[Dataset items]
+--

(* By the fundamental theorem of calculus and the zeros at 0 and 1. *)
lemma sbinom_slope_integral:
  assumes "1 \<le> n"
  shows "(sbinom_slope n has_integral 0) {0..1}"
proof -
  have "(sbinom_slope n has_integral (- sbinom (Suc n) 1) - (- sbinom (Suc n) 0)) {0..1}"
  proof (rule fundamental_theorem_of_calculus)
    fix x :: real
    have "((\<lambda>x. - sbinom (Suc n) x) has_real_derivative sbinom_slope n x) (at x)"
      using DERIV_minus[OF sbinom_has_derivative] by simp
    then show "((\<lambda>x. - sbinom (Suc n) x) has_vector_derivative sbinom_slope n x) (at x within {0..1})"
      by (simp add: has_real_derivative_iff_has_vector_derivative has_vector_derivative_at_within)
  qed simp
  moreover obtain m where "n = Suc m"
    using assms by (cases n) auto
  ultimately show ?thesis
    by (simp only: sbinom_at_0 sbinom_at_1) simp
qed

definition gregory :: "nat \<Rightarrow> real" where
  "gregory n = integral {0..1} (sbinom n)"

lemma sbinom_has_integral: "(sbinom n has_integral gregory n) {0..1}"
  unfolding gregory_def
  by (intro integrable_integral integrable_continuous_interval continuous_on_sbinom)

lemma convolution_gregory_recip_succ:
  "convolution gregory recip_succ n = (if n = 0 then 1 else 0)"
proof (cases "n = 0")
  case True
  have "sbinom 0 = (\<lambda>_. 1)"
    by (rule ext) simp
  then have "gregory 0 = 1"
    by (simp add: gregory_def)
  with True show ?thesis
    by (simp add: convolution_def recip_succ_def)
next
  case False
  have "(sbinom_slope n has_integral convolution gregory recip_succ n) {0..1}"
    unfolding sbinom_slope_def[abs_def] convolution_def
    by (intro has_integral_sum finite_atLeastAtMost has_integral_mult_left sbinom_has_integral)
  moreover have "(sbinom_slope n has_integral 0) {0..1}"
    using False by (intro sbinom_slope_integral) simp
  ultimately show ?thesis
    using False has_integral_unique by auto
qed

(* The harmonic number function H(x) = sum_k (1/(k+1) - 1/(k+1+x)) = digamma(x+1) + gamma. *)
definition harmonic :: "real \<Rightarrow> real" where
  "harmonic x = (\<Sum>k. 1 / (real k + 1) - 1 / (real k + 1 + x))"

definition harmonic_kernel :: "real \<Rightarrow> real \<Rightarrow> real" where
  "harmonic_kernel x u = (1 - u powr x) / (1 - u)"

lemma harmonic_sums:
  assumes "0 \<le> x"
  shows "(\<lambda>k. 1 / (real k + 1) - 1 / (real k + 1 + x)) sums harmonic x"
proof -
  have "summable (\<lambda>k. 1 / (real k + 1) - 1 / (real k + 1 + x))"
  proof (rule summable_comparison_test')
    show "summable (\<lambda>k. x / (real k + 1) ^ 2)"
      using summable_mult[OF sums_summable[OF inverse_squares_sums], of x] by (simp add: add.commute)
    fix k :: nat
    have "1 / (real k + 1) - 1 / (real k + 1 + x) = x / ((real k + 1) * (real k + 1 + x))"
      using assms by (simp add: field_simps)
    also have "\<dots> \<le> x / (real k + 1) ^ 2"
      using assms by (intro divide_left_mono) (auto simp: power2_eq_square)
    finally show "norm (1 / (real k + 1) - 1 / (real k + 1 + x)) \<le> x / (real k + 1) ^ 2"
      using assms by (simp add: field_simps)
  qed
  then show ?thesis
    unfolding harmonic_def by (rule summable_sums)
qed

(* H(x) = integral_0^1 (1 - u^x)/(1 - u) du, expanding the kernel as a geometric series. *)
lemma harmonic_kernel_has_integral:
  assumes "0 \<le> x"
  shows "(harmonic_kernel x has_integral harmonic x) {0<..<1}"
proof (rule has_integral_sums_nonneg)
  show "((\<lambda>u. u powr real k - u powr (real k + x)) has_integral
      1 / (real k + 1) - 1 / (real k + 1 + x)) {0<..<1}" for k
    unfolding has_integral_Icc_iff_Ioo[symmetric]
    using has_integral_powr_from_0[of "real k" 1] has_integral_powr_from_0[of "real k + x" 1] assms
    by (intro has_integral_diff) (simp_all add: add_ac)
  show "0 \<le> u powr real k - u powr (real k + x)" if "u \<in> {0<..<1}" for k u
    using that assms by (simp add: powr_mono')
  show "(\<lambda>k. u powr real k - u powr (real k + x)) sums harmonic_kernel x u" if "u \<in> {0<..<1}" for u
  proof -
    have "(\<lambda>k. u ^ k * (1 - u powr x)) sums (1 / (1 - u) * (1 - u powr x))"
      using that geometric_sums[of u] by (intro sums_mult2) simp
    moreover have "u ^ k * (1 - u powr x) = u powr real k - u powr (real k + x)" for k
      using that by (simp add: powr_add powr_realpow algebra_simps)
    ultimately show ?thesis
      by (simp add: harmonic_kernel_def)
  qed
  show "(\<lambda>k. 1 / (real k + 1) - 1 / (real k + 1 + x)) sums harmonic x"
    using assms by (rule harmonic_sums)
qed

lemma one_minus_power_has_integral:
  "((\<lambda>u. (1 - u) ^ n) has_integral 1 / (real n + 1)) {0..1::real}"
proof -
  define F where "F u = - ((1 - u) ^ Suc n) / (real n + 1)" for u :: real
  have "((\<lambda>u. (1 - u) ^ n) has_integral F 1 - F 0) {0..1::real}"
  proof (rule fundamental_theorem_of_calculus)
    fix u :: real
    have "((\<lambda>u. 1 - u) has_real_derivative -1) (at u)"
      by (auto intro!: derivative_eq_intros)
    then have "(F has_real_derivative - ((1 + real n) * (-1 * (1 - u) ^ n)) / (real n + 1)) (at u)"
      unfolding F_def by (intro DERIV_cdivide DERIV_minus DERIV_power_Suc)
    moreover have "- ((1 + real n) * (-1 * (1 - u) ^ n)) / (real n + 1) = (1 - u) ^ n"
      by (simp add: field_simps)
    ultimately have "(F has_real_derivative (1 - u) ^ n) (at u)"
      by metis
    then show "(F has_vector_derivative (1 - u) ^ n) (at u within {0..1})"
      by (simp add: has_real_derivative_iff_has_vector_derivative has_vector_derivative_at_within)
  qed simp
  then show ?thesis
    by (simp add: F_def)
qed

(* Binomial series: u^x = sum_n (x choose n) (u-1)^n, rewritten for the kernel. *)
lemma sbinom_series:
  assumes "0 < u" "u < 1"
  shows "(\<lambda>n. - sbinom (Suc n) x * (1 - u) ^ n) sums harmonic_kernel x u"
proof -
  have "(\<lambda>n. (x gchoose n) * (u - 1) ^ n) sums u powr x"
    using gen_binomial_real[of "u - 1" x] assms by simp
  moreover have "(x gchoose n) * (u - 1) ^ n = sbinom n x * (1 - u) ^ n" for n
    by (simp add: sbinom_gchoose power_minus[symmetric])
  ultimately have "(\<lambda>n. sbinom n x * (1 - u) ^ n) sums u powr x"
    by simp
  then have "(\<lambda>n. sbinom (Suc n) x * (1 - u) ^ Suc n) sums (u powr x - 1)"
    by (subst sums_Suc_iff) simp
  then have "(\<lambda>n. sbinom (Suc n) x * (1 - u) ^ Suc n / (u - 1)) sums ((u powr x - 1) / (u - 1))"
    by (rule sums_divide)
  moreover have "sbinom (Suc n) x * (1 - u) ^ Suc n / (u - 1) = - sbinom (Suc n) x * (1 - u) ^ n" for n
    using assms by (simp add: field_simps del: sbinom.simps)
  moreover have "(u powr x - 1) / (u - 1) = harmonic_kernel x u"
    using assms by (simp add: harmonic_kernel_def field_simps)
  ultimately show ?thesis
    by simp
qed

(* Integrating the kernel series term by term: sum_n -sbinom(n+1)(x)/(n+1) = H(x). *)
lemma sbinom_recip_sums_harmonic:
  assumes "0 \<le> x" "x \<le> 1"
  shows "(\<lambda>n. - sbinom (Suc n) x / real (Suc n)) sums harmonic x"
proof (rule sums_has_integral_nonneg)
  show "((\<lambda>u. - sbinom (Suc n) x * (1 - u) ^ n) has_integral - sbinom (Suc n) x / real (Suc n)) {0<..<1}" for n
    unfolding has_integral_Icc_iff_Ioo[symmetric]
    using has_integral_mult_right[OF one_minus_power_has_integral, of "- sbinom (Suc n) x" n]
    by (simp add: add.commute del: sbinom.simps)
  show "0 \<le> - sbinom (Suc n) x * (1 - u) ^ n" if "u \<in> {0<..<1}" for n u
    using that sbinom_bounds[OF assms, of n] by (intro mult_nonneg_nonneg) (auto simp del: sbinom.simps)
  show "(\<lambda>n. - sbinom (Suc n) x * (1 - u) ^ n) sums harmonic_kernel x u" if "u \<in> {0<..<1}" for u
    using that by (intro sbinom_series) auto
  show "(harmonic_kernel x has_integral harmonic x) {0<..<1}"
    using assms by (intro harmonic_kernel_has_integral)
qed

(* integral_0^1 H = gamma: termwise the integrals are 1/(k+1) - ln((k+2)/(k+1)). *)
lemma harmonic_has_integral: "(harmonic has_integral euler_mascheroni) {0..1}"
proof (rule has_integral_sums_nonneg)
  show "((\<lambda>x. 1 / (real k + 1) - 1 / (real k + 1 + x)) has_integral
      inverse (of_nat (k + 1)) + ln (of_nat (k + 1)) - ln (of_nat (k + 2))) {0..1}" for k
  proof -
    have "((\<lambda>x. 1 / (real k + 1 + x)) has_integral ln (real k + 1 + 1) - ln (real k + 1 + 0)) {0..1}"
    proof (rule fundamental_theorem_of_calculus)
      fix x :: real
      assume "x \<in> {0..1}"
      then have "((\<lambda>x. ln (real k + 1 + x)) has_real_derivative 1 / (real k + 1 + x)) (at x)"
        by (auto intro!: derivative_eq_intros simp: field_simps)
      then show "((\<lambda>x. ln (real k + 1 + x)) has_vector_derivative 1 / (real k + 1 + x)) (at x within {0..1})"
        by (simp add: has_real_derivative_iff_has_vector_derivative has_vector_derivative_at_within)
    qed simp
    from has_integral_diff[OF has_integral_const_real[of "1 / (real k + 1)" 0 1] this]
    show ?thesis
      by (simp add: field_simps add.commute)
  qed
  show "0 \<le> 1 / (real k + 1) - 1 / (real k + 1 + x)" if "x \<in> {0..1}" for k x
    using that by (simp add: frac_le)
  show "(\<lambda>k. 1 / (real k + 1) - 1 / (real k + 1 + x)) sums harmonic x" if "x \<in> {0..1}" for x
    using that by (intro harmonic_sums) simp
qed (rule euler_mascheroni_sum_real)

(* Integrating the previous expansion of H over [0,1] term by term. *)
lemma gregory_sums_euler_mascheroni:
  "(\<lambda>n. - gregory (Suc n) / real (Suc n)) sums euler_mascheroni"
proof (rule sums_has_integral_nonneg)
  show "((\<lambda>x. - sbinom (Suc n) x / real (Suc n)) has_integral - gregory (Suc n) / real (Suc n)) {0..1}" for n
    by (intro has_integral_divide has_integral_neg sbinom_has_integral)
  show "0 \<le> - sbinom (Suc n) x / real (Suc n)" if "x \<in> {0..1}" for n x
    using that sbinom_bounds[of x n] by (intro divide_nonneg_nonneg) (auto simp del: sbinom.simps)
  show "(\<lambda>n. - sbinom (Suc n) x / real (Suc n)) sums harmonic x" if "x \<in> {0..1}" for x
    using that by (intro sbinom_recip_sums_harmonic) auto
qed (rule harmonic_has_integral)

+--

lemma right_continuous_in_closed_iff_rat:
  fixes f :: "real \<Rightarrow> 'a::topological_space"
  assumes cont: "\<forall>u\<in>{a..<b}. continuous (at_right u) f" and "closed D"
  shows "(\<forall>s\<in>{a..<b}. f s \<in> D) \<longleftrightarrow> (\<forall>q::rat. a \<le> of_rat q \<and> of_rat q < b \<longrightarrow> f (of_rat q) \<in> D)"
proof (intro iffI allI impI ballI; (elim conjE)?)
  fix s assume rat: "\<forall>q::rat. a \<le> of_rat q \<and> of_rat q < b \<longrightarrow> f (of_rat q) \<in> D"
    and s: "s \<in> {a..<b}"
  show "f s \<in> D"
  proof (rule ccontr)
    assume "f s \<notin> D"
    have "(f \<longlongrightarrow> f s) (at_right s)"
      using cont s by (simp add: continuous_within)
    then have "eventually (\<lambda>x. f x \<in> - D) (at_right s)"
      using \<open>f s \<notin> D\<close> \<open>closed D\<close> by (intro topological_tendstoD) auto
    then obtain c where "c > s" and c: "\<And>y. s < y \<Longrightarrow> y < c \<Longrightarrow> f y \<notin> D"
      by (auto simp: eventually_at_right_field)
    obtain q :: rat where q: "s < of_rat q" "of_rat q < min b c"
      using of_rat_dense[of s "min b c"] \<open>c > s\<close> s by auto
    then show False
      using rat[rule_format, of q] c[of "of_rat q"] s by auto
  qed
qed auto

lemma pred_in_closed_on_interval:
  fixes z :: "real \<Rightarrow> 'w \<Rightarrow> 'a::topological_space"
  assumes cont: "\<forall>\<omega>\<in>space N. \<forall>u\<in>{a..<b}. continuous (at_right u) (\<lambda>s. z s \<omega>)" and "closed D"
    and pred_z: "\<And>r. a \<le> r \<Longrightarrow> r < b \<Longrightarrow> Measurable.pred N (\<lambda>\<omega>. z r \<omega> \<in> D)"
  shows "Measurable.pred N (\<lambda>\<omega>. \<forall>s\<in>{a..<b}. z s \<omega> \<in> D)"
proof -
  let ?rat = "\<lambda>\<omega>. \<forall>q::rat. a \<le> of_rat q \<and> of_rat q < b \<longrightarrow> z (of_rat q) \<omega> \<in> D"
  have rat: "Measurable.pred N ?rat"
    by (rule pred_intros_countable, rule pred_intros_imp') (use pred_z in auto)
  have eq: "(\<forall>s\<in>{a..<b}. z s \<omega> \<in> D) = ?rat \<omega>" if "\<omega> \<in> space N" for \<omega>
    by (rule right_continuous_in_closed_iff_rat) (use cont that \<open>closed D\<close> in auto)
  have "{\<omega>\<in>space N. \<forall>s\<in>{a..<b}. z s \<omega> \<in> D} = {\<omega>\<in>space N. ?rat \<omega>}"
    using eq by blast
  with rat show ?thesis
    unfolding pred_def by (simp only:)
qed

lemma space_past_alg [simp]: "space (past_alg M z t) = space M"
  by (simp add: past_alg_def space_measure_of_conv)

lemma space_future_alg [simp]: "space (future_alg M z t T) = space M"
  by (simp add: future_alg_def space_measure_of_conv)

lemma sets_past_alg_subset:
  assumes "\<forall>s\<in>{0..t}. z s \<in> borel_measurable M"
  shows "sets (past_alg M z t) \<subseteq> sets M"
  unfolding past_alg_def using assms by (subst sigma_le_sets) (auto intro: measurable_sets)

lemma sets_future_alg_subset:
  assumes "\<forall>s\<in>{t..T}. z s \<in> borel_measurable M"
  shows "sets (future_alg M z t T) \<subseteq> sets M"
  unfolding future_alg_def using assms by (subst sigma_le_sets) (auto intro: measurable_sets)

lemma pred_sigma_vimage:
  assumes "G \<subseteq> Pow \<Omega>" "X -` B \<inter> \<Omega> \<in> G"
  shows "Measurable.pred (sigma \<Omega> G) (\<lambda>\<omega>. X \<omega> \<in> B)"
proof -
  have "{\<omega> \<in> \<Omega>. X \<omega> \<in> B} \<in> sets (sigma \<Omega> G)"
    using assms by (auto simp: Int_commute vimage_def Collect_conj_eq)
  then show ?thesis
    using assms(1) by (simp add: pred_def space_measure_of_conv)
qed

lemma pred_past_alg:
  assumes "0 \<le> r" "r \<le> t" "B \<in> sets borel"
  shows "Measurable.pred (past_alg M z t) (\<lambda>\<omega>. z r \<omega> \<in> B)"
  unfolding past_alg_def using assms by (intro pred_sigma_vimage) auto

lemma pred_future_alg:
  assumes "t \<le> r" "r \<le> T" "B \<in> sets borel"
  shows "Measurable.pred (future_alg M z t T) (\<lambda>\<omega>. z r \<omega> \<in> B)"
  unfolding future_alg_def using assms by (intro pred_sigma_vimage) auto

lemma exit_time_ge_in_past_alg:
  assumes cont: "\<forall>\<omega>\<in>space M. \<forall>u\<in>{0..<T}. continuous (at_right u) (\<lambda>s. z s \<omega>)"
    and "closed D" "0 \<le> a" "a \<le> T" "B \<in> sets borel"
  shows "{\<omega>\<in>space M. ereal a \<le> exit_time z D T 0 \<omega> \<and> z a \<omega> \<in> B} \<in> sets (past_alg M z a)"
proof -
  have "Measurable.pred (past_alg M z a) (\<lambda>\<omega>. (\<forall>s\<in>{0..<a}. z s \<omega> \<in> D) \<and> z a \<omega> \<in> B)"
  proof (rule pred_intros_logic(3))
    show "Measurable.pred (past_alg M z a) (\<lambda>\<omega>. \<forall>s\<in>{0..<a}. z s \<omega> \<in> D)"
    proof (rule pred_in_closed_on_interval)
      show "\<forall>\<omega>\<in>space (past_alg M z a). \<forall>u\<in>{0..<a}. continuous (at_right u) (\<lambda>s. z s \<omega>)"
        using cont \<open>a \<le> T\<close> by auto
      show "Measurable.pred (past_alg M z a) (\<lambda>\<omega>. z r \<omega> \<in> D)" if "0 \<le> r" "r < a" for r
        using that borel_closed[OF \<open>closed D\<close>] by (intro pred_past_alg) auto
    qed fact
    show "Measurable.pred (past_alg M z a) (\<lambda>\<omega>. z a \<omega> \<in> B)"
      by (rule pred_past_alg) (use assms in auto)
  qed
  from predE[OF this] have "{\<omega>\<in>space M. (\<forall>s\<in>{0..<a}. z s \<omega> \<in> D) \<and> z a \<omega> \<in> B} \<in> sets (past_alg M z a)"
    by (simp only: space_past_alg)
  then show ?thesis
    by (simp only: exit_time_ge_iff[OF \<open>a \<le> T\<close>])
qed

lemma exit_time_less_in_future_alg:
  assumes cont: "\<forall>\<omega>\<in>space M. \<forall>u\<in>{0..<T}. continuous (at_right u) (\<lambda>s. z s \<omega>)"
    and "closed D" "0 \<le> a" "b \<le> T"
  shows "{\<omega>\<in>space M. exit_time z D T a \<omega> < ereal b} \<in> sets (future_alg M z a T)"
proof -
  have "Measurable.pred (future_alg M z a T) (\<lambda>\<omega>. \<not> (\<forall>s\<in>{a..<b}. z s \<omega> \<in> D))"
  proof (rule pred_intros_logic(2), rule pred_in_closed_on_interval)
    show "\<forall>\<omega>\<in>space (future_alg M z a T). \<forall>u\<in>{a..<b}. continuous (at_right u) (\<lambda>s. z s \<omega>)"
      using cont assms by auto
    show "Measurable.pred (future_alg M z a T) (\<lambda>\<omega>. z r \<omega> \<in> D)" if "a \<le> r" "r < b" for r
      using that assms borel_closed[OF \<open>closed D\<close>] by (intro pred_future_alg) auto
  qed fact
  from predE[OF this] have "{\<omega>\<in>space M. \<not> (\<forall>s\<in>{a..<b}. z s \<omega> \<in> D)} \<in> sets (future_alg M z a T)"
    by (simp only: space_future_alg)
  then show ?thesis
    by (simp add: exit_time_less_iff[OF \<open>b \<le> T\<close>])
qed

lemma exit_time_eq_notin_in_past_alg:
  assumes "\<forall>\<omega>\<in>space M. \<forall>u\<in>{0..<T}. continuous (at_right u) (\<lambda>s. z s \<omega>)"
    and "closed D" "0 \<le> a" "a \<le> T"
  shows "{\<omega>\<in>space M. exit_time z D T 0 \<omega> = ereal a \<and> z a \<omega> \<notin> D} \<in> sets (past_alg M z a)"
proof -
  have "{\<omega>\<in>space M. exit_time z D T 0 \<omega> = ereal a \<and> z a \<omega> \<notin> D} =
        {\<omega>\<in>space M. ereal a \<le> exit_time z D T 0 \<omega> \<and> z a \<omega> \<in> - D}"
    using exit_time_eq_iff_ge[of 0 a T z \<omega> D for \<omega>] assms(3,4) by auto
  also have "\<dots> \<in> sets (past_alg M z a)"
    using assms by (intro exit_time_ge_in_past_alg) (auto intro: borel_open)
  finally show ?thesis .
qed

+--

◆ THE PROBLEM
All lines above from the one holding "(* By the fundamental" to the one holding "has_integral (- sbinom", inclusive, are to be copied exactly; no other line is wanted.

◆ ANSWER TO THE EXERCISE
(* By the fundamental theorem of calculus and the zeros at 0 and 1. *)
lemma sbinom_slope_integral:
  assumes "1 \<le> n"
  shows "(sbinom_slope n has_integral 0) {0..1}"
proof -
  have "(sbinom_slope n has_integral (- sbinom (Suc n) 1) - (- sbinom (Suc n) 0)) {0..1}"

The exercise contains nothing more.